Learn More About Working at Method
Is there anything from The Muse that helped you out in your job hunt?
The transition from college, a fairly predictable and semester-paced lifestyle, into “real life” was overwhelming, to say the least, but I found a sense of solidarity in online platforms that helped to alleviate the uncertainty and unsettledness. Talking through next steps with friends was helpful, but finding useful tools online (such as The Muse) helped to better illustrate and introduce to opportunities such as positions at Method. The job hunt became less intimidating and more tangible.
Is there anything you did during your application process that helped you stand out and land the job?
I’d like to think that I was honest and asked good questions, but I believe it’s what Method does at the end of the interview process for every candidate that allowed me to succeed: They ask you to present a response to the question, “How will you keep Method weird?” The potential hires perform what they’ve prepared for a team of current employees, and presentations have ranged from painting tutorials to comically-hosted game shows.
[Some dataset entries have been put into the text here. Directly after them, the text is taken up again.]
definition Phi_entry ::
  "(complex^'n^'n) measure \<Rightarrow> nat \<Rightarrow>
   (nat \<Rightarrow> nat) \<Rightarrow> (nat \<Rightarrow> complex^'n^'n \<Rightarrow> nat \<Rightarrow> nat \<Rightarrow> complex) \<Rightarrow>
   (nat \<Rightarrow> nat) \<Rightarrow> (nat \<Rightarrow> complex^'n^'n \<Rightarrow> nat \<Rightarrow> nat \<Rightarrow> complex) \<Rightarrow>
   (nat \<Rightarrow> nat \<Rightarrow> nat) \<Rightarrow> (nat \<Rightarrow> nat \<Rightarrow> complex^'n^'n \<Rightarrow> nat \<Rightarrow> nat \<Rightarrow> complex) \<Rightarrow>
   (nat \<Rightarrow> nat) \<Rightarrow> (nat \<Rightarrow> nat) \<Rightarrow> complex" where
  "Phi_entry \<mu> k d\<sigma> \<sigma> d\<alpha> \<alpha> d\<rho> \<rho> a b =
     integral\<^sup>L (PiM {..<k} (\<lambda>_. \<mu>))
       (\<lambda>g. (\<Prod>i<k. character (d\<alpha> i) (\<alpha> i) (g i)) *
            (\<Prod>(i,j)\<in>{(i,j). i < j \<and> j < k}. character (d\<rho> i j) (\<rho> i j) (g i ** matrix_inv (g j))) *
            (\<Prod>i<k. \<sigma> i (g i) (a i) (b i)))"

end

theory Submission
  imports Defs "HOL-Library.Complex_Order"
begin

(* Write the quadratic form of Phi as the integral over G^k of F g = w g * <v, sigma(g) v>, where
   w is the product of characters and sigma = sigma_1 (x) ... (x) sigma_k.  Componentwise left
   translation by h in G^k preserves the product Haar measure, so the integral equals the double
   integral of F (h^-1 g) over h and g.  Unitarity gives pi(h^-1 g) = pi(h)^* pi(g), whence
     chi_alpha (h_i^-1 g_i) = sum_pq cnj (alpha(h_i)_pq) alpha(g_i)_pq,
     chi_rho ((h_i^-1 g_i) (h_j^-1 g_j)^-1) = sum_pq cnj (rho(h_i h_j^-1)_pq) rho(g_i g_j^-1)_pq,
     <v, sigma(h^-1 g) v> = <sigma(h) v, sigma(g) v>.
   Thus F (h^-1 g) is a Gram kernel sum_x cnj (u_x h) u_x g of finite rank with bounded measurable
   u_x, and its double integral is sum_x |integral u_x|^2 >= 0. *)

lemma trace_adjoint_products:
  fixes X Y Z W :: "nat \<Rightarrow> nat \<Rightarrow> complex"
  shows "(\<Sum>a<d. \<Sum>c<d. (\<Sum>p<d. cnj (X p a) * Y p c) * cnj (\<Sum>q<d. cnj (Z q a) * W q c))
   = (\<Sum>(p,q)\<in>{..<d}\<times>{..<d}. cnj (\<Sum>a<d. X p a * cnj (Z q a)) * (\<Sum>c<d. Y p c * cnj (W q c)))"
proof -
  let ?T = "\<lambda>a c p q. cnj (X p a) * Z q a * (Y p c * cnj (W q c))"
  have "(\<Sum>a<d. \<Sum>c<d. (\<Sum>p<d. cnj (X p a) * Y p c) * cnj (\<Sum>q<d. cnj (Z q a) * W q c))
      = (\<Sum>a<d. \<Sum>c<d. \<Sum>q<d. \<Sum>p<d. ?T a c p q)"
    by (simp add: sum_distrib_left sum_distrib_right cnj_sum mult_ac)
  also have "\<dots> = (\<Sum>p<d. \<Sum>q<d. \<Sum>a<d. \<Sum>c<d. ?T a c p q)"
    by (simp add: sum.cartesian_product)
       (rule sum.reindex_bij_witness[of _ "\<lambda>(p,q,a,c). (a,c,q,p)" "\<lambda>(a,c,q,p). (p,q,a,c)"]; auto)
  also have "\<dots> = (\<Sum>p<d. \<Sum>q<d. cnj (\<Sum>a<d. X p a * cnj (Z q a)) * (\<Sum>c<d. Y p c * cnj (W q c)))"
    by (simp add: sum_distrib_left sum_distrib_right cnj_sum mult_ac)
  also have "\<dots> = (\<Sum>(p,q)\<in>{..<d}\<times>{..<d}. cnj (\<Sum>a<d. X p a * cnj (Z q a)) * (\<Sum>c<d. Y p c * cnj (W q c)))"
    by (simp add: sum.cartesian_product)
  finally show ?thesis .
qed

lemma prod_sum_cnj_mult_PiE:
  assumes "finite I" "\<And>i. i \<in> I \<Longrightarrow> finite (X i)"
  shows "(\<Prod>i\<in>I. \<Sum>x\<in>X i. cnj (u i x) * w i x)
       = (\<Sum>f\<in>PiE I X. cnj (\<Prod>i\<in>I. u i (f i)) * (\<Prod>i\<in>I. w i (f i)))"
  by (simp add: prod_sum_PiE[OF assms] prod.distrib cnj_prod)

lemma quadratic_form_adjoint_mult:
  fixes v :: "'a \<Rightarrow> complex"
  shows "(\<Sum>a\<in>A. \<Sum>b\<in>A. cnj (v a) * (\<Sum>c\<in>C. cnj (P c a) * Q c b) * v b)
       = (\<Sum>c\<in>C. cnj (\<Sum>a\<in>A. P c a * v a) * (\<Sum>b\<in>A. Q c b * v b))"
proof -
  have "(\<Sum>a\<in>A. \<Sum>b\<in>A. cnj (v a) * (\<Sum>c\<in>C. cnj (P c a) * Q c b) * v b)
      = (\<Sum>a\<in>A. \<Sum>b\<in>A. \<Sum>c\<in>C. cnj (P c a * v a) * (Q c b * v b))"
    by (simp add: sum_distrib_left sum_distrib_right mult_ac)
  also have "\<dots> = (\<Sum>c\<in>C. \<Sum>a\<in>A. \<Sum>b\<in>A. cnj (P c a * v a) * (Q c b * v b))"
    by (simp add: sum.swap[of _ C])
  also have "\<dots> = (\<Sum>c\<in>C. cnj (\<Sum>a\<in>A. P c a * v a) * (\<Sum>b\<in>A. Q c b * v b))"
    by (simp add: sum_distrib_left sum_distrib_right cnj_sum) (rule sum.cong[OF refl], rule sum.swap)
  finally show ?thesis .
qed

section \<open>Unitary representations of compact matrix groups\<close>

lemma matrix_mul_matrix_inv:
  fixes A :: "'a::semiring_1^'n^'m"
  assumes "invertible A"
  shows "A ** matrix_inv A = mat 1"
  using assms unfolding invertible_def matrix_inv_def by (rule someI2_ex) auto

lemma compact_matrix_group_mult: "compact_matrix_group G \<Longrightarrow> g \<in> G \<Longrightarrow> h \<in> G \<Longrightarrow> g ** h \<in> G"
  unfolding compact_matrix_group_def by blast

lemma compact_matrix_group_matrix_inv: "compact_matrix_group G \<Longrightarrow> g \<in> G \<Longrightarrow> matrix_inv g \<in> G"
  unfolding compact_matrix_group_def by blast

lemma compact_matrix_group_invertible: "compact_matrix_group G \<Longrightarrow> g \<in> G \<Longrightarrow> invertible g"
  unfolding compact_matrix_group_def by blast

lemma unitary_rep_mult:
  "unitary_rep G d \<pi> \<Longrightarrow> g \<in> G \<Longrightarrow> h \<in> G \<Longrightarrow> a < d \<Longrightarrow> b < d \<Longrightarrow>
    \<pi> (g ** h) a b = (\<Sum>c<d. \<pi> g a c * \<pi> h c b)"
  unfolding unitary_rep_def by blast

lemma unitary_rep_matrix_inv:
  assumes G: "compact_matrix_group G" and \<pi>: "unitary_rep G d \<pi>" and g: "g \<in> G"
    and a: "a < d" and b: "b < d"
  shows "\<pi> (matrix_inv g) a b = cnj (\<pi> g b a)"
proof -
  let ?g' = "matrix_inv g"
  have g': "?g' \<in> G" using compact_matrix_group_matrix_inv[OF G g] .
  have unitary: "(\<Sum>c<d. cnj (\<pi> g c a) * \<pi> g c f) = (if a = f then 1 else 0)" if "f < d" for f
    using \<pi> g a that unfolding unitary_rep_def by blast
  have right_inverse: "(\<Sum>f<d. \<pi> g c f * \<pi> ?g' f b) = (if c = b then 1 else 0)" if c: "c < d" for c
  proof -
    have "(\<Sum>f<d. \<pi> g c f * \<pi> ?g' f b) = \<pi> (g ** ?g') c b"
      using unitary_rep_mult[OF \<pi> g g' c b] by simp
    also have "\<dots> = (if c = b then 1 else 0)"
      using \<pi> c b matrix_mul_matrix_inv[OF compact_matrix_group_invertible[OF G g]]
      unfolding unitary_rep_def by simp
    finally show ?thesis .
  qed
  have "cnj (\<pi> g b a) = (\<Sum>c<d. cnj (\<pi> g c a) * (\<Sum>f<d. \<pi> g c f * \<pi> ?g' f b))"
    using b by (simp add: right_inverse if_distrib sum.delta cong: if_cong)
  also have "\<dots> = (\<Sum>f<d. (\<Sum>c<d. cnj (\<pi> g c a) * \<pi> g c f) * \<pi> ?g' f b)"
    by (simp add: sum_distrib_left sum_distrib_right mult.assoc) (rule sum.swap)
  also have "\<dots> = \<pi> ?g' a b"
    using a by (simp add: unitary if_distrib[of "\<lambda>x. x * _"] cong: if_cong)
  finally show ?thesis by simp
qed

lemma unitary_rep_left_translate:
  assumes G: "compact_matrix_group G" and \<pi>: "unitary_rep G d \<pi>" and "h \<in> G" "g \<in> G"
    and "a < d" "b < d"
  shows "\<pi> (matrix_inv h ** g) a b = (\<Sum>c<d. cnj (\<pi> h c a) * \<pi> g c b)"
  using assms compact_matrix_group_matrix_inv[OF G]
  by (simp add: unitary_rep_mult[OF \<pi>] unitary_rep_matrix_inv[OF G \<pi>])

lemma unitary_rep_entry_norm_le:
  assumes \<pi>: "unitary_rep G d \<pi>" and g: "g \<in> G" and a: "a < d" and b: "b < d"
  shows "norm (\<pi> g a b) \<le> 1"
proof -
  have "complex_of_real (\<Sum>c<d. (norm (\<pi> g c b))\<^sup>2) = (\<Sum>c<d. cnj (\<pi> g c b) * \<pi> g c b)"
    by (simp add: complex_norm_square mult.commute del: of_real_power)
  also have "\<dots> = 1"
    using \<pi> g b unfolding unitary_rep_def by auto
  finally have "(\<Sum>c<d. (norm (\<pi> g c b))\<^sup>2) = 1"
    using of_real_eq_1_iff by blast
  moreover have "(norm (\<pi> g a b))\<^sup>2 \<le> (\<Sum>c<d. (norm (\<pi> g c b))\<^sup>2)"
    using a by (intro member_le_sum) auto
  ultimately show ?thesis
    by (simp add: power_le_one_iff)
qed

lemma character_left_translate:
  assumes "compact_matrix_group G" "unitary_rep G d \<pi>" "h \<in> G" "g \<in> G"
  shows "character d \<pi> (matrix_inv h ** g) = (\<Sum>(p,q)\<in>{..<d}\<times>{..<d}. cnj (\<pi> h p q) * \<pi> g p q)"
proof -
  have "character d \<pi> (matrix_inv h ** g) = (\<Sum>q<d. \<Sum>p<d. cnj (\<pi> h p q) * \<pi> g p q)"
    unfolding character_def using assms by (simp add: unitary_rep_left_translate)
  also have "\<dots> = (\<Sum>p<d. \<Sum>q<d. cnj (\<pi> h p q) * \<pi> g p q)"
    by (rule sum.swap)
  finally show ?thesis
    by (simp add: sum.cartesian_product)
qed

lemma character_mult_matrix_inv:
  assumes G: "compact_matrix_group G" and \<pi>: "unitary_rep G d \<pi>" and "x \<in> G" "y \<in> G"
  shows "character d \<pi> (x ** matrix_inv y) = (\<Sum>a<d. \<Sum>c<d. \<pi> x a c * cnj (\<pi> y a c))"
  unfolding character_def using assms compact_matrix_group_matrix_inv[OF G]
  by (simp add: unitary_rep_mult[OF \<pi>] unitary_rep_matrix_inv[OF G \<pi>])

text \<open>The inner sums on the right are the entries of \<open>\<pi>(h\<^sub>1) \<pi>(h\<^sub>2)\<^sup>* = \<pi>(h\<^sub>1 h\<^sub>2\<^sup>-\<^sup>1)\<close>
  and \<open>\<pi>(g\<^sub>1) \<pi>(g\<^sub>2)\<^sup>*\<close>.\<close>
lemma character_quotient_left_translate:
  assumes G: "compact_matrix_group G" and \<pi>: "unitary_rep G d \<pi>"
    and h\<^sub>1: "h\<^sub>1 \<in> G" and g\<^sub>1: "g\<^sub>1 \<in> G" and h\<^sub>2: "h\<^sub>2 \<in> G" and g\<^sub>2: "g\<^sub>2 \<in> G"
  shows "character d \<pi> ((matrix_inv h\<^sub>1 ** g\<^sub>1) ** matrix_inv (matrix_inv h\<^sub>2 ** g\<^sub>2))
    = (\<Sum>(p,q)\<in>{..<d}\<times>{..<d}. cnj (\<Sum>c<d. \<pi> h\<^sub>1 p c * cnj (\<pi> h\<^sub>2 q c))
                                * (\<Sum>c<d. \<pi> g\<^sub>1 p c * cnj (\<pi> g\<^sub>2 q c)))"
proof -
  have "matrix_inv h\<^sub>1 ** g\<^sub>1 \<in> G" "matrix_inv h\<^sub>2 ** g\<^sub>2 \<in> G"
    using assms by (simp_all add: compact_matrix_group_mult compact_matrix_group_matrix_inv)
  then have "character d \<pi> ((matrix_inv h\<^sub>1 ** g\<^sub>1) ** matrix_inv (matrix_inv h\<^sub>2 ** g\<^sub>2))
    = (\<Sum>a<d. \<Sum>c<d. (\<Sum>p<d. cnj (\<pi> h\<^sub>1 p a) * \<pi> g\<^sub>1 p c) * cnj (\<Sum>q<d. cnj (\<pi> h\<^sub>2 q a) * \<pi> g\<^sub>2 q c))"
    by (simp add: character_mult_matrix_inv[OF G \<pi>] unitary_rep_left_translate[OF G \<pi>] assms)
  then show ?thesis
    by (simp only: trace_adjoint_products)
qed

definition bounded_measurable :: "'a measure \<Rightarrow> ('a \<Rightarrow> complex) \<Rightarrow> bool" where
  "bounded_measurable M f \<longleftrightarrow> f \<in> borel_measurable M \<and> (\<exists>B. \<forall>x\<in>space M. norm (f x) \<le> B)"

lemma bounded_measurable_cong:
  "(\<And>x. x \<in> space M \<Longrightarrow> f x = g x) \<Longrightarrow> bounded_measurable M f \<longleftrightarrow> bounded_measurable M g"
  unfolding bounded_measurable_def by (simp cong: measurable_cong)

lemma bounded_measurable_const: "bounded_measurable M (\<lambda>_. c)"
  unfolding bounded_measurable_def by auto

lemma bounded_measurable_mult:
  assumes "bounded_measurable M f" "bounded_measurable M g"
  shows "bounded_measurable M (\<lambda>x. f x * g x)"
proof -
  obtain B C where "\<forall>x\<in>space M. norm (f x) \<le> B" "\<forall>x\<in>space M. norm (g x) \<le> C"
    using assms unfolding bounded_measurable_def by blast
  then have "\<forall>x\<in>space M. norm (f x * g x) \<le> B * C"
    by (simp add: norm_mult mult_mono')
  with assms show ?thesis
    unfolding bounded_measurable_def by auto
qed

lemma bounded_measurable_add:
  assumes "bounded_measurable M f" "bounded_measurable M g"
  shows "bounded_measurable M (\<lambda>x. f x + g x)"
proof -
  obtain B C where "\<forall>x\<in>space M. norm (f x) \<le> B" "\<forall>x\<in>space M. norm (g x) \<le> C"
    using assms unfolding bounded_measurable_def by blast
  then have "\<forall>x\<in>space M. norm (f x + g x) \<le> B + C"
    by (metis add_mono norm_triangle_le)
  with assms show ?thesis
    unfolding bounded_measurable_def by auto
qed

lemma bounded_measurable_cnj: "bounded_measurable M f \<Longrightarrow> bounded_measurable M (\<lambda>x. cnj (f x))"
  unfolding bounded_measurable_def
  by (auto intro: borel_measurable_continuous_on[where f = cnj] continuous_intros)

lemma bounded_measurable_sum:
  "finite S \<Longrightarrow> (\<And>s. s \<in> S \<Longrightarrow> bounded_measurable M (f s)) \<Longrightarrow> bounded_measurable M (\<lambda>x. \<Sum>s\<in>S. f s x)"
  by (induction S rule: finite_induct) (auto intro: bounded_measurable_add bounded_measurable_const)

lemma bounded_measurable_prod:
  "finite S \<Longrightarrow> (\<And>s. s \<in> S \<Longrightarrow> bounded_measurable M (f s)) \<Longrightarrow> bounded_measurable M (\<lambda>x. \<Prod>s\<in>S. f s x)"
  by (induction S rule: finite_induct) (auto intro: bounded_measurable_mult bounded_measurable_const)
For mine, I dumped a bag of costumes on the conference table for everyone to wear, played a blues-y, soulful tune, and got the room dancing. I got to be myself, and I got the job.
What advice would you have for someone who wants a job like yours or who is stuck in a difficult job hunt right now?
Ask questions always, but not necessarily ones with yes or no answers. Instead, ask open-ended questions, as they can inspire more informative and engaging conversations. By digging deeper into the way a person or a company is doing things and why they are doing it that way, you can begin to paint a picture of an opportunity and how you may be able to factor into it.
If that picture looks intriguing, or beautiful, or attractively chaotic, you’ve got a lead. My ability to articulate my feelings about Method’s business model and how I believed I could fit into the family of people who bring it to life landed me a job, and a great one at that.